**Exercise instructions**
Nothing is needed except the lines below that run from the one with "by (rule add_le_max_add_scaled[OF" through the one with "FA n \<Longrightarrow>", repeated exactly.

(Collected data entries)
[Start of Attachment]

(* Let $Y_1,\dots,Y_k$ be real numbers and let $M=\max\{0,\max_{1\le j\le k}(Y_1+\cdots+Y_j)\}$ be the maximum of the walk with steps $Y_1,\dots,Y_k$. Let $i\in\{1,\dots,k\}$ and $c\ge1$, and let $M'$ be the maximum of the walk with steps $Y_1,\dots,Y_i,cY_{i+1},\dots,cY_k$, defined in the same way. Then $M\le M'$. *)

theory Defs
  imports Main Complex_Main
begin

definition walk_max :: "(nat \<Rightarrow> real) \<Rightarrow> nat \<Rightarrow> real" where
  "walk_max Y k = Max (insert 0 {(\<Sum>l=1..j. Y l) | j. 1 \<le> j \<and> j \<le> k})"

end

theory Submission
  imports Defs
begin

text \<open>Partial sums up to step i are unchanged by the rescaling, while a later partial sum
  S_i + T becomes S_i + c T. Since c \<ge> 1, S_i + T is at most S_i (if T < 0) or at most
  S_i + c T (if T \<ge> 0), so every candidate of the first maximum is dominated by a
  candidate of the second.\<close>

lemma finite_partial_sums: "finite {(\<Sum>l=1..j. Y l) | j. 1 \<le> j \<and> j \<le> (k::nat)}"
proof -
  have "{(\<Sum>l=1..j. Y l) | j. 1 \<le> j \<and> j \<le> k} = (\<lambda>j. \<Sum>l=1..j. Y l) ` {1..k}"
    by auto
  then show ?thesis by simp
qed

lemma walk_max_nonneg: "0 \<le> walk_max Y k"
  unfolding walk_max_def by (rule Max_ge) (use finite_partial_sums in auto)

lemma partial_sum_le_walk_max: "1 \<le> j \<Longrightarrow> j \<le> k \<Longrightarrow> (\<Sum>l=1..j. Y l) \<le> walk_max Y k"
  unfolding walk_max_def by (rule Max_ge) (use finite_partial_sums in auto)

lemma walk_max_le:
  assumes "0 \<le> B" and "\<And>j. 1 \<le> j \<Longrightarrow> j \<le> k \<Longrightarrow> (\<Sum>l=1..j. Y l) \<le> B"
  shows "walk_max Y k \<le> B"
  unfolding walk_max_def using assms finite_partial_sums[of Y k] by (auto simp: Max_le_iff)

lemma sum_atLeastAtMost_1_split:
  fixes f :: "nat \<Rightarrow> 'a::comm_monoid_add"
  assumes "i \<le> j"
  shows "(\<Sum>l=1..j. f l) = (\<Sum>l=1..i. f l) + (\<Sum>l=Suc i..j. f l)"
proof -
  obtain p where "j = i + p" using assms le_Suc_ex by blast
  then show ?thesis using sum.ub_add_nat[of 1 i f p] by simp
qed

lemma partial_sum_rescaled_head:
  fixes Y :: "nat \<Rightarrow> 'a::semiring_1"
  assumes "j \<le> i"
  shows "(\<Sum>l=1..j. if l \<le> i then Y l else c * Y l) = (\<Sum>l=1..j. Y l)"
  using assms by (intro sum.cong) auto

lemma partial_sum_rescaled_tail:
  fixes Y :: "nat \<Rightarrow> 'a::comm_semiring_1"
  assumes "i \<le> j"
  shows "(\<Sum>l=1..j. if l \<le> i then Y l else c * Y l)
    = (\<Sum>l=1..i. Y l) + c * (\<Sum>l=Suc i..j. Y l)"
proof -
  have "(\<Sum>l=Suc i..j. if l \<le> i then Y l else c * Y l) = (\<Sum>l=Suc i..j. c * Y l)"
    by (intro sum.cong) auto
  then show ?thesis
    using sum_atLeastAtMost_1_split[OF assms, of "\<lambda>l. if l \<le> i then Y l else c * Y l"]
      partial_sum_rescaled_head[of i i Y c]
    by (simp add: sum_distrib_left)
qed

lemma add_le_max_add_scaled:
  fixes a b c :: real
  assumes "1 \<le> c"
  shows "a + b \<le> max a (a + c * b)"
proof (cases "0 \<le> b")
  case True
  then have "b \<le> c * b" using mult_right_mono[OF assms True] by simp
  then show ?thesis by simp
qed simp

theorem lemmaC1:
  fixes Y :: "nat \<Rightarrow> real" and k i :: nat and c :: real
  assumes "1 \<le> i" and "i \<le> k" and "c \<ge> 1"
  shows "walk_max Y k \<le> walk_max (\<lambda>l. if l \<le> i then Y l else c * Y l) k"
proof (rule walk_max_le[OF walk_max_nonneg])
  let ?Z = "\<lambda>l. if l \<le> i then Y l else c * Y l"
  fix j assume j: "1 \<le> j" "j \<le> k"
  show "(\<Sum>l=1..j. Y l) \<le> walk_max ?Z k"
  proof (cases "j \<le> i")
    case True
    then show ?thesis
      using partial_sum_rescaled_head partial_sum_le_walk_max[OF j, of ?Z] by metis
  next
    case False
    then have "i \<le> j" by simp
    have "(\<Sum>l=1..j. Y l) \<le> max (\<Sum>l=1..i. Y l) ((\<Sum>l=1..i. Y l) + c * (\<Sum>l=Suc i..j. Y l))"
      unfolding sum_atLeastAtMost_1_split[OF \<open>i \<le> j\<close>, of Y]
      by (rule add_le_max_add_scaled[OF assms(3)])
    also have "\<dots> = max (\<Sum>l=1..i. ?Z l) (\<Sum>l=1..j. ?Z l)"
      using partial_sum_rescaled_head[of i i Y c] partial_sum_rescaled_tail[OF \<open>i \<le> j\<close>, of Y c]
      by simp
    also have "\<dots> \<le> walk_max ?Z k"
      using partial_sum_le_walk_max[OF assms(1,2), of ?Z] partial_sum_le_walk_max[OF j, of ?Z]
      by (simp only: max.bounded_iff)
    finally show ?thesis .
  qed
qed

end
lemma FA_mult [simp]:
  assumes "a \<in> FA n" and "b \<in> FA n"
  shows "a * b \<in> FA n"
  unfolding FA_iff_keys
proof
  fix k assume "k \<in> Poly_Mapping.keys (a * b)"
  then obtain x y where "k = x + y" "x \<in> Poly_Mapping.keys a" "y \<in> Poly_Mapping.keys b"
    using keys_mult[of a b] by blast
  with assms obtain l1 l2 where "x = Word l1" "set l1 \<subseteq> gens n" "y = Word l2" "set l2 \<subseteq> gens n"
    unfolding FA_iff_keys words_def by blast
  with \<open>k = x + y\<close> show "k \<in> words n"
    by (auto simp: words_def)
qed

lemma FA_mono: "n \<le> m \<Longrightarrow> FA n \<subseteq> FA m"
  unfolding FA_def gens_def by fastforce

lemma FA_Suc: "x \<in> FA n \<Longrightarrow> x \<in> FA (n+1)"
  using FA_mono[of n "n+1"] by auto

lemma tt_FA [simp]: "1 \<le> j \<Longrightarrow> j < n \<Longrightarrow> tt j \<in> FA n"
  and vv_FA [simp]: "1 \<le> j \<Longrightarrow> j \<le> n \<Longrightarrow> vv j \<in> FA n"
  by (auto simp: FA_iff_keys tt_def vv_def words_def gens_def)

fun gen :: "gen \<Rightarrow> fa" where
  "gen (T j) = tt j"
| "gen (V j) = vv j"

lemma gen_FA: "g \<in> gens n \<Longrightarrow> gen g \<in> FA n"
  by (auto simp: gens_def)

lemma single_Cons: "Poly_Mapping.single (Word (g # l)) c = gen g * Poly_Mapping.single (Word l) c"
  by (cases g) (simp_all add: tt_def vv_def mult_single)
(* Let $M$ be a closed Riemannian manifold with fundamental group $\Gamma$ and universal cover $\widetilde{M}$, let $\Gamma$ act freely and continuously on a Cantor set $X$, and let $\Gamma$ act diagonally on $X\times\widetilde{M}$ (via deck transformations on $\widetilde{M}$). Let $\Gamma(A_1 \times S_1), \ldots, \Gamma(A_r \times S_r)$ be finitely many thick orbits in $X \times \widetilde{M}$. Then for any ball $B(\widetilde{p}, R)$ in $\widetilde{M}$, there exists a partition of $X$ into finitely many clopen sets $X_1, \ldots, X_k$ such that for any $i \in \{1, \ldots, k\}$, any $x, y \in X_i$, any $\widetilde{q} \in B(\widetilde{p}, R)$, and any $j \in \{1, \ldots, r\}$, we have $(x, \widetilde{q}) \in \Gamma(A_j \times S_j)$ if and only if $(y, \widetilde{q}) \in \Gamma(A_j \times S_j)$.
   Context: A thick set is a subset of $X\times\widetilde{M}$ of the form $A\times S$ with $A\subseteq X$ clopen and $S\subseteq\widetilde{M}$ bounded. A thick set has a non-self-intersecting orbit if it is disjoint from each of its translates $\gamma(A\times S)$, $\gamma\neq 1$; in that case the union $\Gamma(A\times S)$ of it and all its translates is called a thick orbit. *)

theory Defs
  imports "HOL-Analysis.Analysis" "HOL-Algebra.Group_Action"
begin

definition cantor_set :: "'x topology \<Rightarrow> bool" where
  "cantor_set X \<longleftrightarrow>
     X homeomorphic_space product_topology (\<lambda>_::nat. discrete_topology (UNIV::bool set)) UNIV"

definition diag_act :: "('g \<Rightarrow> 'x \<Rightarrow> 'x) \<Rightarrow> ('g \<Rightarrow> 'm \<Rightarrow> 'm) \<Rightarrow> 'g \<Rightarrow> 'x \<times> 'm \<Rightarrow> 'x \<times> 'm" where
  "diag_act \<phi> \<psi> g = (\<lambda>(x, m). (\<phi> g x, \<psi> g m))"

definition thick_set :: "'x topology \<Rightarrow> 'x set \<Rightarrow> ('m::metric_space) set \<Rightarrow> bool" where
  "thick_set X A S \<longleftrightarrow> A \<subseteq> topspace X \<and> closedin X A \<and> openin X A \<and> bounded S"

[End of Attachment]

**Finished exercise**
      by (rule add_le_max_add_scaled[OF assms(3)])
    also have "\<dots> = max (\<Sum>l=1..i. ?Z l) (\<Sum>l=1..j. ?Z l)"
      using partial_sum_rescaled_head[of i i Y c] partial_sum_rescaled_tail[OF \<open>i \<le> j\<close>, of Y c]
      by simp
    also have "\<dots> \<le> walk_max ?Z k"
      using partial_sum_le_walk_max[OF assms(1,2), of ?Z] partial_sum_le_walk_max[OF j, of ?Z]
      by (simp only: max.bounded_iff)
    finally show ?thesis .
  qed
qed

end
lemma FA_mult [simp]:
  assumes "a \<in> FA n" and "b \<in> FA n"
  shows "a * b \<in> FA n"
  unfolding FA_iff_keys
proof
  fix k assume "k \<in> Poly_Mapping.keys (a * b)"
  then obtain x y where "k = x + y" "x \<in> Poly_Mapping.keys a" "y \<in> Poly_Mapping.keys b"
    using keys_mult[of a b] by blast
  with assms obtain l1 l2 where "x = Word l1" "set l1 \<subseteq> gens n" "y = Word l2" "set l2 \<subseteq> gens n"
    unfolding FA_iff_keys words_def by blast
  with \<open>k = x + y\<close> show "k \<in> words n"
    by (auto simp: words_def)
qed

lemma FA_mono: "n \<le> m \<Longrightarrow> FA n \<subseteq> FA m"
  unfolding FA_def gens_def by fastforce

lemma FA_Suc: "x \<in> FA n \<Longrightarrow> x \<in> FA (n+1)"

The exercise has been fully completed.